Monday, September 10, 2007

Three Magical Days in Paris - Day One


Greg had a meeting in Paris, so we took advantage of the opportunity and headed to Paris for the three day "bank holiday" weekend. We took the Eurostar over through the chunnel for the first time and it was really easy...much, much better than dealing with the lines and strip searches at the airport.

We popped out of the Metro at opera and were awed my the magnificence of the opera house (in my opinion, the most beautiful building in Europe). Greg gets out the camera only to find that the screen is cracked - we've had this camera all of about two moths. Grr...we decide to take photos anyway looking through the view finder (so 1990's) and as you can see, it worked for the most part!

We stayed at the Hotel Castille. It was perfect.
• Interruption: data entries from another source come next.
(* (1) For every $\theta\in\mathbb{C}^4$, the projective surface $\overline{\mathcal{S}}(\theta)$ is smooth in a neighborhood of $L=L_1\cup L_2\cup L_3$. (2) If $\theta=\mathrm{rh}(\kappa)$ with $\kappa\in\mathcal{K}$, then $\overline{\mathcal{S}}(\theta)$ is smooth everywhere if and only if $\kappa\in\mathcal{K}\setminus\mathrm{Wall}$.
   Context: For $\theta=(\theta_1,\theta_2,\theta_3,\theta_4)\in\mathbb{C}^4$, $\overline{\mathcal{S}}(\theta)\subset\mathbb{P}^3$ is the cubic surface $X_1X_2X_3+X_0(X_1^2+X_2^2+X_3^2)-X_0^2(\theta_1X_1+\theta_2X_2+\theta_3X_3)+\theta_4X_0^3=0$, the closure of the affine surface $x_1x_2x_3+x_1^2+x_2^2+x_3^2-\theta_1x_1-\theta_2x_2-\theta_3x_3+\theta_4=0$ via $x\mapsto[1:x_1:x_2:x_3]$; $L_i=\{X_0=X_i=0\}$ for $i=1,2,3$. $\mathcal{K}=\{\kappa\in\mathbb{C}^5:2\kappa_0+\kappa_1+\kappa_2+\kappa_3+\kappa_4=1\}$; $\mathrm{Wall}$ is the union of the hyperplanes $\kappa_i=m$ ($i=1,\dots,4$, $m\in\mathbb{Z}$) and $\kappa_1\pm\kappa_2\pm\kappa_3\pm\kappa_4=2m+1$ ($m\in\mathbb{Z}$). The map $\mathrm{rh}:\mathcal{K}\to\mathbb{C}^4$ is defined by $a_i=2\cos\pi\kappa_i$ ($i=1,2,3$), $a_4=-2\cos\pi\kappa_4$, $\theta_i=a_ia_4+a_ja_k$ for $\{i,j,k\}=\{1,2,3\}$, and $\theta_4=a_1a_2a_3a_4+a_1^2+a_2^2+a_3^2+a_4^2-4$. *)

theory Defs
  imports "HOL-Analysis.Analysis"
begin

text \<open>Points of C^4 (homogeneous coordinates [X0:X1:X2:X3] of P^3) are 4-tuples.
  Parameters theta = (theta 1, ..., theta 4) and kappa = (kappa 0, ..., kappa 4)
  are given as functions on indices; only the listed indices matter.\<close>

type_synonym pt4 = "complex \<times> complex \<times> complex \<times> complex"

definition cubicF :: "(nat \<Rightarrow> complex) \<Rightarrow> complex \<Rightarrow> complex \<Rightarrow> complex \<Rightarrow> complex \<Rightarrow> complex" where
  "cubicF \<theta> X0 X1 X2 X3 =
     X1 * X2 * X3 + X0 * (X1^2 + X2^2 + X3^2)
     - X0^2 * (\<theta> 1 * X1 + \<theta> 2 * X2 + \<theta> 3 * X3) + \<theta> 4 * X0^3"

definition sing_point :: "(nat \<Rightarrow> complex) \<Rightarrow> pt4 \<Rightarrow> bool" where
  "sing_point \<theta> X = (case X of (X0, X1, X2, X3) \<Rightarrow>
      X \<noteq> 0 \<and> cubicF \<theta> X0 X1 X2 X3 = 0
      \<and> deriv (\<lambda>t. cubicF \<theta> t X1 X2 X3) X0 = 0
      \<and> deriv (\<lambda>t. cubicF \<theta> X0 t X2 X3) X1 = 0
      \<and> deriv (\<lambda>t. cubicF \<theta> X0 X1 t X3) X2 = 0
      \<and> deriv (\<lambda>t. cubicF \<theta> X0 X1 X2 t) X3 = 0)"

text \<open>Cone over L = L1 \<union> L2 \<union> L3, L_i = {X0 = Xi = 0}.\<close>
definition coneL :: "pt4 set" where
  "coneL = {(X0, X1, X2, X3). (X0, X1, X2, X3) \<noteq> 0 \<and> X0 = 0 \<and> (X1 = 0 \<or> X2 = 0 \<or> X3 = 0)}"

text \<open>Smooth in a neighbourhood of L: there is an open set of C^4 containing the
  cone over L (equivalently, its image, an open subset of P^3 containing L) with
  no singular points of the surface.\<close>
definition smooth_near_L :: "(nat \<Rightarrow> complex) \<Rightarrow> bool" where
  "smooth_near_L \<theta> = (\<exists>U::pt4 set. open U \<and> coneL \<subseteq> U \<and> (\<forall>X\<in>U. \<not> sing_point \<theta> X))"

definition smooth_everywhere :: "(nat \<Rightarrow> complex) \<Rightarrow> bool" where
  "smooth_everywhere \<theta> = (\<forall>X. \<not> sing_point \<theta> X)"

definition Kset :: "(nat \<Rightarrow> complex) set" where
  "Kset = {\<kappa>. 2 * \<kappa> 0 + \<kappa> 1 + \<kappa> 2 + \<kappa> 3 + \<kappa> 4 = 1}"

definition Wall :: "(nat \<Rightarrow> complex) set" where
  "Wall = {\<kappa>. (\<exists>i\<in>{1,2,3,4::nat}. \<kappa> i \<in> \<int>)
     \<or> (\<exists>s2\<in>{1,-1::complex}. \<exists>s3\<in>{1,-1::complex}. \<exists>s4\<in>{1,-1::complex}. \<exists>m::int.
          \<kappa> 1 + s2 * \<kappa> 2 + s3 * \<kappa> 3 + s4 * \<kappa> 4 = of_int (2 * m + 1))}"

definition rh :: "(nat \<Rightarrow> complex) \<Rightarrow> (nat \<Rightarrow> complex)" where
  "rh \<kappa> = (let a1 = 2 * cos (of_real pi * \<kappa> 1); a2 = 2 * cos (of_real pi * \<kappa> 2);
               a3 = 2 * cos (of_real pi * \<kappa> 3); a4 = - 2 * cos (of_real pi * \<kappa> 4)
           in (\<lambda>i. if i = 1 then a1 * a4 + a2 * a3
                   else if i = 2 then a2 * a4 + a1 * a3
                   else if i = 3 then a3 * a4 + a1 * a2
                   else if i = 4 then a1 * a2 * a3 * a4 + a1^2 + a2^2 + a3^2 + a4^2 - 4
                   else 0))"

end

theory Submission
  imports Defs
begin

text \<open>On the plane at infinity X0 = 0 the gradient of the cubic is
  (X1^2 + X2^2 + X3^2, X2 X3, X1 X3, X1 X2), which vanishes only at 0. Hence the set where the
  gradient does not vanish is an open neighbourhood of L free of singular points, and all singular
  points lie in the chart X0 = 1. There x is singular iff theta = theta_param x1 x2 x3 2, where
  theta_param is the polynomial map in the definition of rh: the surface for theta_param a is
  singular iff the fibre of theta_param through a meets the hyperplane a4 = 2.

  For rh kappa we have a_i = t_i + 1/t_i with t_i = exp(i pi kappa_i) (and t4 = - exp(i pi kappa_4)).
  Eliminating x from theta_param a = theta_param x1 x2 x3 2 gives
  prod (2 - a_i) * prod (2 + a_i) * wall_poly a = 0, and t1^4 * wall_poly a is the product of the
  eight factors t1 t2^(+-1) t3^(+-1) t4^(+-1) - 1. So a singular point forces t_i = +-1, i.e. an
  integer kappa_i, or kappa1 +- kappa2 +- kappa3 +- kappa4 odd. Conversely, in each of these cases
  a point of the fibre with a4 = 2 is explicit: by the symmetries of theta_param when some
  a_i = +-2, and because u1 u2 u3 u4 = 1 implies
  theta_param a = theta_param (J(u1 u4)) (J(u2 u4)) (J(u3 u4)) 2 for a_i = J u_i = u_i + 1/u_i.\<close>

lemma deriv_cubicF:
  shows "deriv (\<lambda>t. cubicF \<theta> t X1 X2 X3) X0 =
           X1^2 + X2^2 + X3^2 - 2*X0*(\<theta> 1*X1 + \<theta> 2*X2 + \<theta> 3*X3) + 3*\<theta> 4*X0^2"
    and "deriv (\<lambda>t. cubicF \<theta> X0 t X2 X3) X1 = X2*X3 + 2*X0*X1 - X0^2*\<theta> 1"
    and "deriv (\<lambda>t. cubicF \<theta> X0 X1 t X3) X2 = X1*X3 + 2*X0*X2 - X0^2*\<theta> 2"
    and "deriv (\<lambda>t. cubicF \<theta> X0 X1 X2 t) X3 = X1*X2 + 2*X0*X3 - X0^2*\<theta> 3"
  unfolding cubicF_def
  by (rule DERIV_imp_deriv, (rule derivative_eq_intros refl)+, simp add: algebra_simps power2_eq_square)+

definition cubicF_grad :: "(nat \<Rightarrow> complex) \<Rightarrow> pt4 \<Rightarrow> pt4" where
  "cubicF_grad \<theta> X = (case X of (X0, X1, X2, X3) \<Rightarrow>
     (X1^2 + X2^2 + X3^2 - 2*X0*(\<theta> 1*X1 + \<theta> 2*X2 + \<theta> 3*X3) + 3*\<theta> 4*X0^2,
      X2*X3 + 2*X0*X1 - X0^2*\<theta> 1, X1*X3 + 2*X0*X2 - X0^2*\<theta> 2, X1*X2 + 2*X0*X3 - X0^2*\<theta> 3))"

lemma sing_point_iff:
  "sing_point \<theta> (X0, X1, X2, X3) \<longleftrightarrow>
     (X0, X1, X2, X3) \<noteq> 0 \<and> cubicF \<theta> X0 X1 X2 X3 = 0 \<and> cubicF_grad \<theta> (X0, X1, X2, X3) = 0"
  by (simp add: sing_point_def cubicF_grad_def deriv_cubicF zero_prod_def)

lemma cubicF_grad_nonzero_at_infinity:
  assumes "(0, X1, X2, X3) \<noteq> (0 :: pt4)"
  shows "cubicF_grad \<theta> (0, X1, X2, X3) \<noteq> 0"
  using assms by (auto simp: cubicF_grad_def zero_prod_def)

lemma continuous_on_cubicF_grad: "continuous_on UNIV (cubicF_grad \<theta>)"
  unfolding cubicF_grad_def case_prod_unfold by (intro continuous_intros)

lemma smooth_near_L: "smooth_near_L \<theta>"
  unfolding smooth_near_L_def
proof (intro exI conjI)
  show "open {X. cubicF_grad \<theta> X \<noteq> 0}"
    by (intro open_Collect_neq continuous_on_cubicF_grad continuous_on_const)
  show "coneL \<subseteq> {X. cubicF_grad \<theta> X \<noteq> 0}"
    using cubicF_grad_nonzero_at_infinity by (auto simp: coneL_def)
  show "\<forall>X\<in>{X. cubicF_grad \<theta> X \<noteq> 0}. \<not> sing_point \<theta> X"
    by (auto simp: sing_point_iff)
qed

definition theta_param :: "complex \<Rightarrow> complex \<Rightarrow> complex \<Rightarrow> complex \<Rightarrow> nat \<Rightarrow> complex" where
  "theta_param a1 a2 a3 a4 = (\<lambda>i. if i = 1 then a1 * a4 + a2 * a3
     else if i = 2 then a2 * a4 + a1 * a3
     else if i = 3 then a3 * a4 + a1 * a2
     else if i = 4 then a1 * a2 * a3 * a4 + a1^2 + a2^2 + a3^2 + a4^2 - 4
     else 0)"

lemma sing_point_affine_iff:
  "sing_point \<theta> (1, x1, x2, x3) \<longleftrightarrow> (\<forall>i\<in>{1,2,3,4}. \<theta> i = theta_param x1 x2 x3 2 i)"
proof -
  have "sing_point \<theta> (1, x1, x2, x3) \<longleftrightarrow>
      x1*x2*x3 + (x1^2 + x2^2 + x3^2) - (\<theta> 1*x1 + \<theta> 2*x2 + \<theta> 3*x3) + \<theta> 4 = 0 \<and>
      x1^2 + x2^2 + x3^2 - 2*(\<theta> 1*x1 + \<theta> 2*x2 + \<theta> 3*x3) + 3*\<theta> 4 = 0 \<and>
      x2*x3 + 2*x1 - \<theta> 1 = 0 \<and> x1*x3 + 2*x2 - \<theta> 2 = 0 \<and> x1*x2 + 2*x3 - \<theta> 3 = 0"
    by (auto simp: sing_point_iff cubicF_def cubicF_grad_def zero_prod_def)
  also have "\<dots> \<longleftrightarrow> \<theta> 1 = 2*x1 + x2*x3 \<and> \<theta> 2 = 2*x2 + x1*x3 \<and> \<theta> 3 = 2*x3 + x1*x2 \<and>
      \<theta> 4 = x1^2 + x2^2 + x3^2 + 2*x1*x2*x3"
    by (rule iffI; (elim conjE)?, (intro conjI)?) algebra+
  finally show ?thesis by (simp add: theta_param_def algebra_simps)
qed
Great location across from the Ritz and next to the original Chanel - I was in heaven. The beds were so comfortable it was hard to get out of bed in the morning.
We headed down the road for a late dinner a pretty good spot called Restaurant Flottes. I had a delicious dinner including my favorite - a cheese course! After dinner we went for a lovely walk along the Rue de Rivoli and Jardin des Tullerjes where they were having a carnival. It was a great night and set the scene for a wonderful weekend.

We woke up the next morning and headed to La Duree a famous tea house for our first pain chocolate and croissant. It was perfect. On our way out I noticed this rather striking, hansom older gentleman headed into La Duree with his wife and two children....it was non other than James Bond himself, Pierce Bronsen. Our first celebrity spotting since arriving in London and my second encounter with Remington Steele.
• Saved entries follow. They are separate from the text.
lemma toeplitz_opnorm_le_dilate:
  assumes k: "k > 0"
  shows "toeplitz_opnorm c N \<le> toeplitz_opnorm (dilate k c) (k*N)"
proof (rule toeplitz_opnorm_le[OF toeplitz_opnorm_nonneg])
  fix x :: "nat \<Rightarrow> complex"
  define y where "y l = (if k dvd l then x (l div k) else 0)" for l
  have row: "(\<Sum>l\<le>k*N. dilate k c (int (k*a) - int l) * y l) = (\<Sum>b\<le>N. c (int a - int b) * x b)" for a
  proof -
    have "(\<Sum>l\<le>k*N. dilate k c (int (k*a) - int l) * y l)
        = (\<Sum>l\<le>k*N. if k dvd l then dilate k c (int (k*a) - int l) * x (l div k) else 0)"
      by (auto simp: y_def intro!: sum.cong)
    also have "\<dots> = (\<Sum>b\<le>N. c (int a - int b) * x b)"
      unfolding sum_atMost_mult_dvd[OF k] using dilate_diff[of 0 k 0 c a] k by simp
    finally show ?thesis .
  qed
  have "sqnorm (k*N) y = (\<Sum>l\<le>k*N. if k dvd l then (cmod (x (l div k)))\<^sup>2 else 0)"
    unfolding sqnorm_def by (auto simp: y_def intro!: sum.cong)
  also have "\<dots> = sqnorm N x"
    unfolding sqnorm_def using k by (simp add: sum_atMost_mult_dvd)
  finally have sqnorm_y: "sqnorm (k*N) y = sqnorm N x" .
  have "toeplitz_form c N x
      = (\<Sum>j\<le>k*N. if k dvd j then (cmod (\<Sum>l\<le>k*N. dilate k c (int j - int l) * y l))\<^sup>2 else 0)"
    unfolding toeplitz_form_def sum_atMost_mult_dvd[OF k] row ..
  also have "\<dots> \<le> toeplitz_form (dilate k c) (k*N) y"
    unfolding toeplitz_form_def by (intro sum_mono) auto
  also have "\<dots> \<le> (toeplitz_opnorm (dilate k c) (k*N))\<^sup>2 * sqnorm N x"
    using toeplitz_form_le_opnorm[of "dilate k c" "k*N" y] unfolding sqnorm_y .
  finally show "toeplitz_form c N x \<le> (toeplitz_opnorm (dilate k c) (k*N))\<^sup>2 * sqnorm N x" .
qed

lemma toeplitz_opnorm_dilate_le:
  assumes k: "k > 0"
  shows "toeplitz_opnorm (dilate k c) (k*N) \<le> toeplitz_opnorm c N"
proof (rule toeplitz_opnorm_le[OF toeplitz_opnorm_nonneg])
  fix y :: "nat \<Rightarrow> complex"
  define z where "z s b = (if k*b+s \<le> k*N then y (k*b+s) else 0)" for s b
  have row: "(\<Sum>l\<le>k*N. dilate k c (int (k*a+s) - int l) * y l) = (\<Sum>b\<le>N. c (int a - int b) * z s b)"
    if s: "s < k" for a s
  proof -
    have "(\<Sum>l\<le>k*N. dilate k c (int (k*a+s) - int l) * y l)
        = (\<Sum>b\<le>N. \<Sum>s'<k. if k*b+s' \<le> k*N
            then dilate k c (int (k*a+s) - int (k*b+s')) * y (k*b+s') else 0)"
      by (rule sum_atMost_mult_split[OF k])
    also have "\<dots> = (\<Sum>b\<le>N. \<Sum>s'<k. if s' = s then c (int a - int b) * z s b else 0)"
    proof (intro sum.cong refl)
      fix b s' assume "s' \<in> {..<k}"
      then show "(if k*b+s' \<le> k*N then dilate k c (int (k*a+s) - int (k*b+s')) * y (k*b+s') else 0)
          = (if s' = s then c (int a - int b) * z s b else 0)"
        using dilate_diff[OF s, of s' c a b] by (auto simp: z_def)
    qed
    also have "\<dots> = (\<Sum>b\<le>N. c (int a - int b) * z s b)"
      using s by simp
    finally show ?thesis .
  qed
  have "sqnorm (k*N) y = (\<Sum>b\<le>N. \<Sum>s<k. (cmod (z s b))\<^sup>2)"
    unfolding sqnorm_def sum_atMost_mult_split[OF k] by (auto simp: z_def intro!: sum.cong)
  also have "\<dots> = (\<Sum>s<k. sqnorm N (z s))"
    unfolding sqnorm_def by (rule sum.swap)
  finally have sqnorm_y: "sqnorm (k*N) y = (\<Sum>s<k. sqnorm N (z s))" .
  have "toeplitz_form (dilate k c) (k*N) y
      \<le> (\<Sum>b\<le>N. \<Sum>s<k. (cmod (\<Sum>l\<le>k*N. dilate k c (int (k*b+s) - int l) * y l))\<^sup>2)"
    unfolding toeplitz_form_def sum_atMost_mult_split[OF k] by (intro sum_mono) auto
  also have "\<dots> = (\<Sum>b\<le>N. \<Sum>s<k. (cmod (\<Sum>l\<le>N. c (int b - int l) * z s l))\<^sup>2)"
    by (intro sum.cong refl) (simp only: row lessThan_iff)
  also have "\<dots> = (\<Sum>s<k. toeplitz_form c N (z s))"
    unfolding toeplitz_form_def by (rule sum.swap)
  also have "\<dots> \<le> (\<Sum>s<k. (toeplitz_opnorm c N)\<^sup>2 * sqnorm N (z s))"
    by (intro sum_mono toeplitz_form_le_opnorm)
  finally show "toeplitz_form (dilate k c) (k*N) y \<le> (toeplitz_opnorm c N)\<^sup>2 * sqnorm (k*N) y"
    by (simp add: sqnorm_y sum_distrib_left)
qed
After a morning of shopping Rue Saint Honore and a long hunt for Christian Louboutin, we had a nice long lunch sitting outside at a cafe (Le Cafe des Inities) watching the world go by. It was perfect except for the obnoxious American couple next to us on their cell phones, but we didn't let that interrupt our experience.
After that we headed over the Latin Quarter and wandered around,to walk off our lunch and finish off our shopping. After a nap, we head back out for a dinner a Au Pied de Cochon. While the french onion soup was tasty, it's not a place I would recommend - a bit of a tourist trap. Again we were seated next to an interesting couple who discussed very intimate details of their relationship and her "exploratory" university days. After that we headed to find a better option for dessert and stumbled upon Bistrot Vivienne - a great find and highly recommended. We sat outside and enjoyed the night surrounded by only french speakers, oblivious to their conversations.

We capped off the night with a trip the the Hemingway Bar at the Ritz. It was a bit surreal going through the revolving door that I had seen so many times on the various Princess Diana tributes over the years, but I quickly forgot all about that as we were entering the bar as Pierce (I figure we should be on a first name basis by now) and his wife were leaving. Crazy. Anyway, this bar is famous as a spot where Hemingway hung out - hence the name. It very small and classic with wood walls. We sat down and were handed a menu. Greg's eyes nearly popped out of his head - the cheapest drink listed was 28 Euro or about $40! We decided that it wasn't just the drink, but the experience we were paying for, and it was too small a spot to duck out gracefully, so we enjoyed every sip of our drinks!